[RECORD EXCERPTS Boundary: Start]
(* Let $G$ be a connected graph of order $n\geq 4$ and let $k$ be an integer with $3\leq k\leq n$. Then $px_k(G)=n-1$ if and only if $G\cong S_n$, the star on $n$ vertices.
   Context: All graphs are finite, simple, undirected and connected. An edge-coloring of a graph assigns a color to each edge (adjacent edges may receive the same color). A tree in an edge-colored graph is proper if any two adjacent edges of the tree receive different colors. For $S\subseteq V(G)$, an $S$-tree is a subgraph of $G$ that is a tree containing all vertices of $S$. For a connected graph $G$ of order $n$ and an integer $k$ with $2\le k\le n$, an edge-coloring of $G$ is a $k$-proper coloring if for every set $S$ of $k$ vertices of $G$ there exists a proper $S$-tree in $G$. The $k$-proper index $px_k(G)$ is the minimum number of colors used in a $k$-proper coloring of $G$. The star $S_n$ is the tree $K_{1,n-1}$ on $n$ vertices. *)

theory Defs
  imports Main
begin

definition graph :: "'a set \<Rightarrow> 'a set set \<Rightarrow> bool" where
  "graph V E \<longleftrightarrow> finite V \<and> (\<forall>e\<in>E. \<exists>x y. e = {x, y} \<and> x \<noteq> y \<and> x \<in> V \<and> y \<in> V)"

definition adj_rel :: "'a set set \<Rightarrow> ('a \<times> 'a) set" where
  "adj_rel E = {(x, y). {x, y} \<in> E}"

definition connected_graph :: "'a set \<Rightarrow> 'a set set \<Rightarrow> bool" where
  "connected_graph V E \<longleftrightarrow> V \<noteq> {} \<and> (\<forall>u\<in>V. \<forall>v\<in>V. (u, v) \<in> (adj_rel E)\<^sup>*)"

definition is_subtree :: "'a set \<Rightarrow> 'a set set \<Rightarrow> 'a set \<Rightarrow> 'a set set \<Rightarrow> bool" where
  "is_subtree V E V' E' \<longleftrightarrow> V' \<subseteq> V \<and> E' \<subseteq> E \<and> (\<forall>e\<in>E'. e \<subseteq> V')
     \<and> connected_graph V' E' \<and> card E' + 1 = card V'"

definition proper_edges :: "('a set \<Rightarrow> 'c) \<Rightarrow> 'a set set \<Rightarrow> bool" where
  "proper_edges c E' \<longleftrightarrow> (\<forall>e1\<in>E'. \<forall>e2\<in>E'. e1 \<noteq> e2 \<and> e1 \<inter> e2 \<noteq> {} \<longrightarrow> c e1 \<noteq> c e2)"

definition k_proper_coloring :: "nat \<Rightarrow> 'a set \<Rightarrow> 'a set set \<Rightarrow> ('a set \<Rightarrow> nat) \<Rightarrow> bool" where
  "k_proper_coloring k V E c \<longleftrightarrow>
     (\<forall>S. S \<subseteq> V \<and> card S = k \<longrightarrow>
        (\<exists>V' E'. is_subtree V E V' E' \<and> S \<subseteq> V' \<and> proper_edges c E'))"

definition proper_index :: "nat \<Rightarrow> 'a set \<Rightarrow> 'a set set \<Rightarrow> nat" where
  "proper_index k V E = (LEAST m. \<exists>c. k_proper_coloring k V E c \<and> card (c ` E) = m)"

definition graph_iso :: "'a set \<Rightarrow> 'a set set \<Rightarrow> 'b set \<Rightarrow> 'b set set \<Rightarrow> bool" where
  "graph_iso V E V' E' \<longleftrightarrow> (\<exists>f. bij_betw f V V' \<and>
     (\<forall>x\<in>V. \<forall>y\<in>V. {x, y} \<in> E \<longleftrightarrow> {f x, f y} \<in> E'))"

definition star_vertices :: "nat \<Rightarrow> nat set" where
  "star_vertices n = {0..<n}"

definition star_edges :: "nat \<Rightarrow> nat set set" where
  "star_edges n = {{0, i} | i. 0 < i \<and> i < n}"

end

theory Submission
  imports Defs
begin

text \<open>A star with centre z forces every k-proper colouring (2 \<le> k) to be injective on
  its n - 1 edges: any tree through two leaves x, y must use both edges zx and zy,
  which are adjacent. Conversely, a connected graph on n \<ge> 4 vertices that is not a star
  has a spanning tree with two disjoint edges: either some spanning tree already has
  them, or the edges of a spanning tree pairwise meet, hence share a vertex v (a
  pairwise intersecting family of edges covering at least four vertices is a star), and
  then an edge uw avoiding v lets us trade vw for uw. Colouring those two disjoint edges
  alike and all others distinctly gives a k-proper colouring with n - 2 colours.\<close>

lemma ex_subset_card_between:
  assumes "finite V" "A \<subseteq> V" "card A \<le> k" "k \<le> card V"
  obtains S where "A \<subseteq> S" "S \<subseteq> V" "card S = k"
proof -
  have "finite A" using assms(1,2) finite_subset by blast
  have "k - card A \<le> card (V - A)"
    using assms by (simp add: card_Diff_subset \<open>finite A\<close>)
  then obtain S0 where S0: "S0 \<subseteq> V - A" "card S0 = k - card A"
    by (meson obtain_subset_with_card_n)
  have "finite S0" "A \<inter> S0 = {}" using S0(1) assms(1) finite_subset by auto
  then have "card (A \<union> S0) = card A + card S0"
    using \<open>finite A\<close> by (simp add: card_Un_disjoint)
  then have "card (A \<union> S0) = k" using S0(2) assms(3) by simp
  moreover have "A \<subseteq> A \<union> S0" "A \<union> S0 \<subseteq> V" using S0(1) assms(2) by auto
  ultimately show thesis using that by blast
qed

lemma graph_edge_doubleton:
  "graph V E \<Longrightarrow> e \<in> E \<Longrightarrow> \<exists>a b. e = {a, b} \<and> a \<noteq> b \<and> a \<in> V \<and> b \<in> V"
  unfolding graph_def by blast

lemma graph_edge_subset: "graph V E \<Longrightarrow> e \<in> E \<Longrightarrow> e \<subseteq> V"
  by (fastforce simp: graph_def)

lemma graph_finite_edges:
  assumes "graph V E"
  shows "finite E"
proof -
  have "E \<subseteq> Pow V" using graph_edge_subset[OF assms] by blast
  then show ?thesis using assms finite_subset unfolding graph_def by blast
qed

lemma adj_rel_iff [simp]: "(x, y) \<in> adj_rel E \<longleftrightarrow> {x, y} \<in> E"
  by (simp add: adj_rel_def)

lemma adj_rel_rtrancl_sym: "(x, y) \<in> (adj_rel E)\<^sup>* \<Longrightarrow> (y, x) \<in> (adj_rel E)\<^sup>*"
proof -
  have "(adj_rel E)\<inverse> = adj_rel E"
    by (auto simp: adj_rel_def insert_commute)
  then show "(x, y) \<in> (adj_rel E)\<^sup>* \<Longrightarrow> (y, x) \<in> (adj_rel E)\<^sup>*"
    by (metis rtrancl_converseI)
qed
(* Let $q,z,m$ be positive integers with $q\geq 2$ and $z<q$, and put $L=\lfloor\frac{q-1}{q-z}\rfloor$. Let rows be indexed by $\mathcal{F}=\{(a_0,\ldots,a_{m-1},\varepsilon): a_l\in\mathbb{Z}_q,\ \varepsilon\in\{0,\ldots,L-1\}\}$. Define the $Lq^m\times mq$ array $\mathbf{P}=(p_{\mathbf{a},(b,\delta)})$ with columns $(b,\delta)$, $b\in\mathbb{Z}_q$, $0\leq\delta<m$, by: $p_{\mathbf{a},(b,\delta)}=*$ if $a_\delta\in\{b,b-1,\ldots,b-(z-1)\}$, and otherwise $p_{\mathbf{a},(b,\delta)}=(a_0,\ldots,a_{\delta-1},\,b-\varepsilon(q-z),\,a_{\delta+1},\ldots,a_{m-1},\,a_\delta-b-1)$. Define the $Lq^m\times q$ array $\mathbf{C}=(c_{\mathbf{a},(b,m)})$ with columns $(b,m)$, $b\in\mathbb{Z}_q$, by: writing $\sigma=\sum_{l=0}^{m-1}a_l-\varepsilon(q-z)$, $c_{\mathbf{a},(b,m)}=*$ if $\sigma\in\{b,b+1,\ldots,b+(z-1)\}$, and otherwise $c_{\mathbf{a},(b,m)}=(a_0,\ldots,a_{m-1},\,b-\sigma-1)$. All arithmetic is modulo $q$. Then $\mathbf{H}=(\mathbf{P},\mathbf{C})$ (the columns of $\mathbf{P}$ followed by those of $\mathbf{C}$) is an $\big((m+1)q,\ Lq^m,\ zLq^{m-1},\ (q-z)q^m\big)$ placement delivery array. In particular the associated coded caching scheme has $\frac{M}{N}=\frac{z}{q}$ and rate $R=(q-z)/L$.
   Context: A $(K,F,Z,S)$ placement delivery array (PDA) is an $F\times K$ array whose entries are either a special symbol $*$ or one of $S$ distinct non-star symbols (identified with $1,\ldots,S$), such that: (C1) $*$ appears exactly $Z$ times in each column; (C2) each of the $S$ symbols occurs at least once; (C3) for any two distinct entries $p_{j_1,k_1}=p_{j_2,k_2}=s$ with $s$ a non-star symbol, we have $j_1\neq j_2$, $k_1\neq k_2$, and $p_{j_1,k_2}=p_{j_2,k_1}=*$. A $(K,F,Z,S)$ PDA yields an $F$-division coded caching scheme for $K$ users with memory ratio $M/N=Z/F$ and rate $R=S/F$. The non-star symbols here are vectors in $\mathbb{Z}_q^{m+1}$. *)

theory Defs
  imports Complex_Main
begin

text \<open>A PDA is given by a row set, a column set and an entry function;
  the entry None stands for the star symbol, Some s for the non-star symbol s.\<close>

definition is_PDA ::
  "'r set \<Rightarrow> 'c set \<Rightarrow> ('r \<Rightarrow> 'c \<Rightarrow> 's option) \<Rightarrow> nat \<Rightarrow> nat \<Rightarrow> nat \<Rightarrow> nat \<Rightarrow> bool" where
  "is_PDA Rows Cols p K F Z S \<longleftrightarrow>
     finite Rows \<and> finite Cols \<and> card Cols = K \<and> card Rows = F \<and>
     (\<forall>k\<in>Cols. card {j\<in>Rows. p j k = None} = Z) \<and>
     card {s. \<exists>j\<in>Rows. \<exists>k\<in>Cols. p j k = Some s} = S \<and>
     (\<forall>j1\<in>Rows. \<forall>j2\<in>Rows. \<forall>k1\<in>Cols. \<forall>k2\<in>Cols. \<forall>s.
        (j1, k1) \<noteq> (j2, k2) \<and> p j1 k1 = Some s \<and> p j2 k2 = Some s \<longrightarrow>
        j1 \<noteq> j2 \<and> k1 \<noteq> k2 \<and> p j1 k2 = None \<and> p j2 k1 = None)"
(* Let $r$ and $n$ be positive integers, let $p\in\mathbb C$ with $\operatorname{Re}(r(p+1))>1$, and let $t\in\mathbb C$ with $|t|\le1$. Then $$M_r(t;n):=\sum_{k\ge1}\frac{M_r(t;n,k)}{k^{rp}}=\frac{\mathrm{Li}_{rp+r}(t)}{\zeta(rp+r)}\,\sigma_{-p}(n,r).$$
   Context: For positive integers $a,b,r$, $(a,b)_r$ denotes the largest $r$-th power dividing both $a$ and $b$. The $r$-Ramanujan sum is $c_r(n,k):=\sum_{1\le m\le k^r,\ (m,k^r)_r=1}e^{2\pi i mn/k^r}$, and $M_r(t;n,k):=\frac{1}{k^r}\sum_{d\mid k}c_r(n,k/d)\,t^d$. $\mathrm{Li}_s(t):=\sum_{k\ge1}t^k/k^s$ is the polylogarithm, $\zeta$ the Riemann zeta function, and $\sigma_p(n,r):=\sum_{d\ge1,\ d^r\mid n}d^{rp}$. *)

theory Defs
  imports "HOL-Analysis.Analysis"
begin

definition gcd_pow :: "nat \<Rightarrow> nat \<Rightarrow> nat \<Rightarrow> nat" where
  "gcd_pow r a b = (GREATEST e. (\<exists>d. e = d ^ r) \<and> e dvd a \<and> e dvd b)"

definition ramanujan_r :: "nat \<Rightarrow> nat \<Rightarrow> nat \<Rightarrow> complex" where
  "ramanujan_r r n k =
     (\<Sum>m\<in>{m. 1 \<le> m \<and> m \<le> k ^ r \<and> gcd_pow r m (k ^ r) = 1}.
        exp (2 * of_real pi * \<i> * of_nat m * of_nat n / of_nat (k ^ r)))"

definition M_r :: "nat \<Rightarrow> complex \<Rightarrow> nat \<Rightarrow> nat \<Rightarrow> complex" where
  "M_r r t n k = (1 / of_nat (k ^ r)) * (\<Sum>d\<in>{d. d dvd k}. ramanujan_r r n (k div d) * t ^ d)"

definition polylog :: "complex \<Rightarrow> complex \<Rightarrow> complex" where
  "polylog s t = (\<Sum>k. t ^ Suc k / of_nat (Suc k) powr s)"

text \<open>Riemann zeta function via its Dirichlet series (used only for Re s > 1).\<close>
definition zeta_fun :: "complex \<Rightarrow> complex" where
  "zeta_fun s = (\<Sum>k. 1 / of_nat (Suc k) powr s)"

definition sigma_r :: "complex \<Rightarrow> nat \<Rightarrow> nat \<Rightarrow> complex" where
  "sigma_r p n r = (\<Sum>d\<in>{d. 1 \<le> d \<and> d ^ r dvd n}. of_nat d powr (of_nat r * p))"

end

theory Submission
  imports Defs "HOL-Computational_Algebra.Squarefree"
begin

text \<open>
  Put \<open>s = r(p + 1)\<close>, so that \<open>Re s > 1\<close>. Moebius inversion of the condition
  \<open>(m, k\<^sup>r)\<^sub>r = 1\<close>, followed by orthogonality of the \<open>k\<^sup>r\<close>-th roots of unity, gives
  \<open>c\<^sub>r(n, k) = \<Sum>\<^bsub>d | k\<^esub> \<mu>(d) \<eta>(k/d)\<close> with \<open>\<eta>(j) = j\<^sup>r\<close> if \<open>j\<^sup>r | n\<close> and \<open>0\<close> otherwise.
  Hence \<open>\<Sum> c\<^sub>r(n,k)/k\<^sup>s = (\<Sum> \<mu>(d)/d\<^sup>s)(\<Sum> \<eta>(j)/j\<^sup>s) = \<sigma>\<^sub>-\<^sub>p(n,r)/\<zeta>(s)\<close>. Since
  \<open>M\<^sub>r(t;n,k)/k\<^bsup>rp\<^esup> = (\<Sum>\<^bsub>d | k\<^esub> t\<^sup>d c\<^sub>r(n,k/d))/k\<^sup>s\<close>, the series in question is the
  Dirichlet product of \<open>Li\<^sub>s(t)\<close> with that series. All series involved converge absolutely,
  which justifies the rearrangements.
\<close>

section \<open>Dirichlet convolution of absolutely convergent Dirichlet series\<close>

lemma of_nat_mult_powr:
  "(of_nat (a * b) :: complex) powr s = of_nat a powr s * of_nat b powr s"
  unfolding of_nat_mult by (rule powr_times_real) auto

lemma norm_of_nat_powr:
  "0 < a \<Longrightarrow> norm ((of_nat a :: complex) powr s) = real a powr Re s"
  by (subst norm_powr_real_powr) auto

lemma has_sum_product_complex:
  fixes f :: "'a \<Rightarrow> complex" and g :: "'b \<Rightarrow> complex"
  assumes f: "(f has_sum a) A" and g: "(g has_sum b) B"
  shows "((\<lambda>(x, y). f x * g y) has_sum a * b) (A \<times> B)"
proof (rule has_sum_SigmaI)
  show "((\<lambda>y. case (x, y) of (x, y) \<Rightarrow> f x * g y) has_sum f x * b) B" for x
    using has_sum_cmult_right[OF g] by simp
  show "((\<lambda>x. f x * b) has_sum a * b) A"
    using has_sum_cmult_left[OF f] by simp
  have abs: "(\<lambda>x. norm (f x)) summable_on A" "(\<lambda>y. norm (g y)) summable_on B"
    using f g by (auto simp: summable_on_iff_abs_summable_on_complex[symmetric] summable_on_def)
  have "(\<lambda>z. norm ((\<lambda>(x, y). f x * g y) z)) summable_on A \<times> B"
    unfolding Infinite_Sum.abs_summable_on_Sigma_iff
    using summable_on_cmult_right[OF abs(2)] summable_on_cmult_left[OF abs(1)]
    by (simp add: norm_mult infsum_cmult_right' infsum_nonneg abs_mult)
  then show "(\<lambda>(x, y). f x * g y) summable_on A \<times> B"
    by (simp add: summable_on_iff_abs_summable_on_complex)
qed

text \<open>
  Dirichlet series are sums over \<open>{1..}\<close> in the unordered sense of \<^const>\<open>has_sum\<close>; for
  complex values this is absolute convergence, which permits the rearrangement in
  the proof of the Dirichlet product formula.
\<close>

definition dirichlet_conv :: "(nat \<Rightarrow> 'a :: semiring_0) \<Rightarrow> (nat \<Rightarrow> 'a) \<Rightarrow> nat \<Rightarrow> 'a" where
  "dirichlet_conv f g k = (\<Sum>d | d dvd k. f d * g (k div d))"

lemma bij_betw_divisor_pairs:
  "bij_betw (\<lambda>(k, d). (d, k div d)) (SIGMA k:{1::nat..}. {d. d dvd k}) ({1..} \<times> {1..})"
  by (rule bij_betw_byWitness[where f' = "\<lambda>(a, b). (a * b, a)"])
     (auto elim!: dvdE simp: one_le_mult_iff Suc_le_eq)

lemma has_sum_dirichlet_conv:
  fixes f g :: "nat \<Rightarrow> complex"
  assumes "(f has_sum a) {1..}" and "(g has_sum b) {1..}"
  shows "(dirichlet_conv f g has_sum a * b) {1..}"
proof -
  have "((\<lambda>(x, y). f x * g y) has_sum a * b) ({1..} \<times> {1..})"
    using assms by (rule has_sum_product_complex)
  then have "(((\<lambda>(x, y). f x * g y) \<circ> (\<lambda>(k, d). (d, k div d))) has_sum a * b)
               (SIGMA k:{1..}. {d. d dvd k})"
    by (simp only: comp_def has_sum_reindex_bij_betw[OF bij_betw_divisor_pairs])
  then have "((\<lambda>(k, d). f d * g (k div d)) has_sum a * b) (SIGMA k:{1..}. {d. d dvd k})"
    by (simp add: comp_def case_prod_unfold)
  then show ?thesis
    unfolding dirichlet_conv_def
    by (rule has_sum_Sigma') (auto intro: has_sum_finite finite_divisors_nat)
qed

lemma dirichlet_conv_divide_powr:
  fixes f g :: "nat \<Rightarrow> complex"
  shows "dirichlet_conv (\<lambda>d. f d / of_nat d powr s) (\<lambda>d. g d / of_nat d powr s) k
           = dirichlet_conv f g k / of_nat k powr s"
  unfolding dirichlet_conv_def sum_divide_distrib
proof (intro sum.cong refl)
  fix d assume "d \<in> {d. d dvd k}"
  then have "(of_nat k :: complex) powr s = of_nat d powr s * of_nat (k div d) powr s"
    by (metis dvd_mult_div_cancel mem_Collect_eq of_nat_mult_powr)
  then show "f d / of_nat d powr s * (g (k div d) / of_nat (k div d) powr s)
               = f d * g (k div d) / of_nat k powr s"
    by simp
qed

lemma has_sum_atLeast_1_imp_sums:
  fixes f :: "nat \<Rightarrow> 'a :: {topological_comm_monoid_add, t2_space}"
  assumes "(f has_sum S) {1..}"
  shows "(\<lambda>k. f (Suc k)) sums S"
proof -
  have "bij_betw Suc UNIV {1..}"
    by (rule bij_betw_byWitness[where f' = "\<lambda>k. k - 1"]) (auto simp: image_iff intro!: exI[of _ "_ - 1"])
  then have "((\<lambda>k. f (Suc k)) has_sum S) UNIV"
    using has_sum_reindex_bij_betw assms by blast
  then show ?thesis by (rule has_sum_imp_sums)
qed

lemma sums_imp_has_sum_atLeast_1:
  fixes f :: "nat \<Rightarrow> 'a :: {topological_comm_monoid_add, t2_space}"
  assumes "f summable_on {1..}" and "(\<lambda>k. f (Suc k)) sums S"
  shows "(f has_sum S) {1..}"
  using has_sum_infsum[OF assms(1)] assms(2)
  by (metis has_sum_atLeast_1_imp_sums sums_unique2)

lemma summable_on_dirichlet_series_bounded:
  fixes a :: "nat \<Rightarrow> complex"
  assumes "1 < Re s" and "\<And>j. norm (a j) \<le> C"
  shows "(\<lambda>j. a j / of_nat j powr s) summable_on {1..}"
proof -
  have C: "0 \<le> C" using norm_ge_zero order_trans assms(2) by blast
  have "summable (\<lambda>j. C * real j powr (- Re s))"
    using assms(1) by (intro summable_mult) (simp add: summable_real_powr_iff)
  then have "(\<lambda>j. C * real j powr (- Re s)) summable_on {1..}"
    using C by (intro summable_on_subset_banach[OF summable_nonneg_imp_summable_on]) auto
  moreover have "norm (a j / of_nat j powr s) \<le> C * real j powr (- Re s)" if "j \<in> {1..}" for j
    using that assms(2) C
    by (simp add: norm_divide norm_of_nat_powr powr_minus_divide divide_right_mono)
  ultimately have "(\<lambda>j. norm (a j / of_nat j powr s)) summable_on {1..}"
    by (rule Infinite_Sum.abs_summable_on_comparison_test')
  then show ?thesis
    by (simp add: summable_on_iff_abs_summable_on_complex)
qed

lemma has_sum_polylog:
  assumes "1 < Re s" and "norm t \<le> 1"
  shows "((\<lambda>j. t ^ j / of_nat j powr s) has_sum polylog s t) {1..}"
proof (rule sums_imp_has_sum_atLeast_1)
  show summable: "(\<lambda>j. t ^ j / of_nat j powr s) summable_on {1..}"
    using assms by (intro summable_on_dirichlet_series_bounded[of s _ 1])
                   (auto simp: norm_power power_le_one)
  show "(\<lambda>k. t ^ Suc k / of_nat (Suc k) powr s) sums polylog s t"
    unfolding polylog_def
    using has_sum_atLeast_1_imp_sums[OF has_sum_infsum[OF summable]]
    by (intro summable_sums) (rule sums_summable)
qed

lemma has_sum_zeta_fun:
  assumes "1 < Re s"
  shows "((\<lambda>j. 1 / of_nat j powr s) has_sum zeta_fun s) {1..}"
proof (rule sums_imp_has_sum_atLeast_1)
  show summable: "(\<lambda>j. 1 / of_nat j powr s) summable_on {1..}"
    using assms by (intro summable_on_dirichlet_series_bounded[of s _ 1]) auto
  show "(\<lambda>k. 1 / of_nat (Suc k) powr s) sums zeta_fun s"
    unfolding zeta_fun_def
    using has_sum_atLeast_1_imp_sums[OF has_sum_infsum[OF summable]]
    by (intro summable_sums) (rule sums_summable)
qed

section \<open>The Moebius function\<close>

definition moebius_mu :: "nat \<Rightarrow> complex" where
  "moebius_mu n = (if squarefree n then (-1) ^ card (prime_factors n) else 0)"

lemma norm_moebius_mu_le: "norm (moebius_mu n) \<le> 1"
  by (simp add: moebius_mu_def norm_power)

lemma squarefree_prod_primes:
  assumes "\<And>p. p \<in> S \<Longrightarrow> prime (p :: nat)"
  shows "squarefree (\<Prod>S)"
  using assms by (intro squarefree_prod_coprime) (auto intro: primes_coprime squarefree_prime)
[RECORD EXCERPTS Boundary: End]
**EXERCISE:**
Write down again, exactly as given, only the lines above that fall from the line with "set \<Rightarrow> 'c)" to the line with "(LEAST m. \<exists>c.", inclusive.

**EXERCISE RESULT:**
definition proper_edges :: "('a set \<Rightarrow> 'c) \<Rightarrow> 'a set set \<Rightarrow> bool" where
  "proper_edges c E' \<longleftrightarrow> (\<forall>e1\<in>E'. \<forall>e2\<in>E'. e1 \<noteq> e2 \<and> e1 \<inter> e2 \<noteq> {} \<longrightarrow> c e1 \<noteq> c e2)"

definition k_proper_coloring :: "nat \<Rightarrow> 'a set \<Rightarrow> 'a set set \<Rightarrow> ('a set \<Rightarrow> nat) \<Rightarrow> bool" where
  "k_proper_coloring k V E c \<longleftrightarrow>
     (\<forall>S. S \<subseteq> V \<and> card S = k \<longrightarrow>
        (\<exists>V' E'. is_subtree V E V' E' \<and> S \<subseteq> V' \<and> proper_edges c E'))"

definition proper_index :: "nat \<Rightarrow> 'a set \<Rightarrow> 'a set set \<Rightarrow> nat" where
  "proper_index k V E = (LEAST m. \<exists>c. k_proper_coloring k V E c \<and> card (c ` E) = m)"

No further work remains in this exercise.